For 10 years, the US kept on propagating that the Taliban were partners of Al-Qaeda. Now unilaterally, it has cleared them from the blame. For an Afghan, however, all this is generally hocus pocus, as their countrymen have defied the foreign forces to defend their freedom and traditions.
Our American friends, therefore, must learn from history, instead of exploiting their people.
If Afghanistan’s history is examined, all wars, so far, have finally ended by the foreign troops abandoning their calculated missions, at times, amid heavy losses. The Soviet experience is the latest case in point.
The US may be having a bigger stake linked to the Central Asian Energy resources, but it appears to be losing the war as per the ground realities. Its position is compromised by the fact that it is an election-year and President Obama has to blow hot and cold to win the Democratic nomination as well as the election.

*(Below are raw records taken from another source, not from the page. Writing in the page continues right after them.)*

section \<open>The topology on the space of subgroups\<close>

lemma Sub_subset_Union_cylinders:
  "Sub G \<subseteq> \<Union> ({{H. g \<in> H} | g. g \<in> carrier G} \<union> {{H. g \<notin> H} | g. g \<in> carrier G})"
proof
  fix H assume "H \<in> Sub G"
  then have "H \<in> {H. \<one>\<^bsub>G\<^esub> \<in> H}" "\<one>\<^bsub>G\<^esub> \<in> carrier G"
    using subgroup.one_closed subgroup.subset by (fastforce simp: Sub_def)+
  then show "H \<in> \<Union> ({{H. g \<in> H} | g. g \<in> carrier G} \<union> {{H. g \<notin> H} | g. g \<in> carrier G})"
    by blast
qed

lemma topspace_SubTop [simp]: "topspace (SubTop G) = Sub G"
  unfolding SubTop_def using Sub_subset_Union_cylinders by auto

lemma openin_SubTop_mem: "g \<in> carrier G \<Longrightarrow> openin (SubTop G) {H \<in> Sub G. g \<in> H}"
  unfolding SubTop_def openin_subtopology
  by (rule exI[of _ "{H. g \<in> H}"]) (auto intro: topology_generated_by_Basis)

lemma openin_SubTop_not_mem: "g \<in> carrier G \<Longrightarrow> openin (SubTop G) {H \<in> Sub G. g \<notin> H}"
  unfolding SubTop_def openin_subtopology
  by (rule exI[of _ "{H. g \<notin> H}"]) (auto intro: topology_generated_by_Basis)

text \<open>The hypothesis makes the preimage of every subbasic cylinder a cylinder or trivial.\<close>

lemma continuous_map_SubTop:
  assumes "F ` Sub G \<subseteq> Sub G'"
    and "\<And>g. g \<in> carrier G' \<Longrightarrow>
      (\<exists>h\<in>carrier G. \<forall>H\<in>Sub G. g \<in> F H \<longleftrightarrow> h \<in> H) \<or> (\<exists>b. \<forall>H\<in>Sub G. g \<in> F H \<longleftrightarrow> b)"
  shows "continuous_map (SubTop G) (SubTop G') F"
proof -
  have cyl: "openin (SubTop G) {H \<in> Sub G. g \<in> F H} \<and> openin (SubTop G) {H \<in> Sub G. g \<notin> F H}"
    if "g \<in> carrier G'" for g
    using assms(2)[OF that]
  proof
    assume "\<exists>h\<in>carrier G. \<forall>H\<in>Sub G. g \<in> F H \<longleftrightarrow> h \<in> H"
    then obtain h where "h \<in> carrier G" "\<And>H. H \<in> Sub G \<Longrightarrow> g \<in> F H \<longleftrightarrow> h \<in> H"
      by blast
    then show ?thesis
      using openin_SubTop_mem[of h G] openin_SubTop_not_mem[of h G]
      by (simp cong: conj_cong)
  next
    assume "\<exists>b. \<forall>H\<in>Sub G. g \<in> F H \<longleftrightarrow> b"
    then obtain b where "\<And>H. H \<in> Sub G \<Longrightarrow> g \<in> F H \<longleftrightarrow> b"
      by blast
    then show ?thesis
      using openin_topspace[of "SubTop G"] by (cases b) (simp_all cong: conj_cong)
  qed
  show ?thesis
    unfolding SubTop_def[of G'] continuous_map_in_subtopology continuous_on_generated_topo_iff
  proof (intro conjI allI impI)
    fix U assume "U \<in> {{H. g \<in> H} |g. g \<in> carrier G'} \<union> {{H. g \<notin> H} |g. g \<in> carrier G'}"
    then show "openin (SubTop G) (F -` U \<inter> topspace (SubTop G))"
      using cyl by (auto simp: vimage_def Int_def conj_commute)
  next
    show "F ` topspace (SubTop G)
        \<subseteq> \<Union> ({{H. g \<in> H} |g. g \<in> carrier G'} \<union> {{H. g \<notin> H} |g. g \<in> carrier G'})"
      using assms(1) Sub_subset_Union_cylinders[of G'] by auto
  qed (use assms(1) in auto)
qed

lemma Sub_subset_SubTop: "{U. openin (SubTop G) U} \<subseteq> Pow (Sub G)"
  using openin_subset by fastforce

lemma space_SubBorel [simp]: "space (SubBorel G) = Sub G"
  unfolding SubBorel_def using Sub_subset_SubTop by (rule space_measure_of)

lemma sets_SubBorel_openin: "openin (SubTop G) U \<Longrightarrow> U \<in> sets (SubBorel G)"
  unfolding SubBorel_def using Sub_subset_SubTop by (auto simp: sets_measure_of)

lemma measurable_SubBorel:
  assumes "continuous_map (SubTop G) (SubTop G') F"
  shows "F \<in> measurable (SubBorel G) (SubBorel G')"
  unfolding SubBorel_def[of G']
proof (rule measurable_measure_of[OF Sub_subset_SubTop])
  show "F \<in> space (SubBorel G) \<rightarrow> Sub G'"
    using continuous_map_image_subset_topspace[OF assms] by auto
  fix U assume "U \<in> {U. openin (SubTop G') U}"
  then have "openin (SubTop G) {H \<in> topspace (SubTop G). F H \<in> U}"
    using assms openin_continuous_map_preimage by blast
  then show "F -` U \<inter> space (SubBorel G) \<in> sets (SubBorel G)"
    by (auto dest: sets_SubBorel_openin simp: vimage_def Int_def conj_commute)
qed

lemma borel_measurable_SubBorel:
  assumes "continuous_map (SubTop G) euclideanreal f"
  shows "f \<in> borel_measurable (SubBorel G)"
proof (rule borel_measurableI)
  fix S :: "real set" assume "open S"
  then have "openin (SubTop G) {H \<in> topspace (SubTop G). f H \<in> S}"
    using openin_continuous_map_preimage[OF assms] \<open>open S\<close> by simp
  then show "f -` S \<inter> space (SubBorel G) \<in> sets (SubBorel G)"
    by (auto dest: sets_SubBorel_openin simp: vimage_def Int_def conj_commute)
qed

lemma sets_SubBorel_subgroups_within:
  "{V \<in> Sub G. V \<subseteq> K} \<in> sets (SubBorel G)"
proof -
  let ?U = "\<Union>g \<in> carrier G - K. {V \<in> Sub G. g \<in> V}"
  have "openin (SubTop G) ?U"
    by (intro openin_Union) (auto intro: openin_SubTop_mem)
  then have "Sub G - ?U \<in> sets (SubBorel G)"
    using sets.compl_sets[OF sets_SubBorel_openin] by (metis space_SubBorel)
  moreover have "Sub G - ?U = {V \<in> Sub G. V \<subseteq> K}"
  proof -
    have "V \<subseteq> carrier G" if "V \<in> Sub G" for V
      using that by (simp add: Sub_def subgroup.subset)
    then show ?thesis
      by auto
  qed
  ultimately show ?thesis
    by simp
qed

lemma (in group) continuous_map_conjg:
  assumes "g \<in> carrier G"
  shows "continuous_map (SubTop G) (SubTop G) (conjg G g)"
proof (rule continuous_map_SubTop, goal_cases)
  case 1
  show ?case
    using conjg_subgroup[OF assms] by (auto simp: Sub_def)
next
  case (2 x)
  have "x \<in> conjg G g H \<longleftrightarrow> inv g \<otimes> x \<otimes> g \<in> H" if "H \<in> Sub G" for H
    using mem_conjg_iff[OF assms _ 2] that by (simp add: Sub_def subgroup.subset)
  moreover have "inv g \<otimes> x \<otimes> g \<in> carrier G"
    using assms 2 by simp
  ultimately show ?case
    by blast
qed

lemma measurable_cong_sets_left:
  "sets M = sets M' \<Longrightarrow> f \<in> measurable M' N \<Longrightarrow> f \<in> measurable M N"
  using measurable_cong_sets[of M M' N N] by simp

However, a Pashto proverb underlines: “See! After a 100 years a Pashtun takes his revenge, and he says - ‘still I have taken it quickly’.” Many reports also indicate that the ‘foreign forces’ are generally worried as to what may happen in view of the gathering storm!
Unless and until the USA can negotiate equitable terms for an exit of its forces with the Taliban and apologise for all its sins since 9/11, people like Bales would be haunted by the spectre of Afghan revenge. In the process, even nice Americans may have to pay for the misdeeds of their sick fellow countrymen.
The writer is a former secretary interior.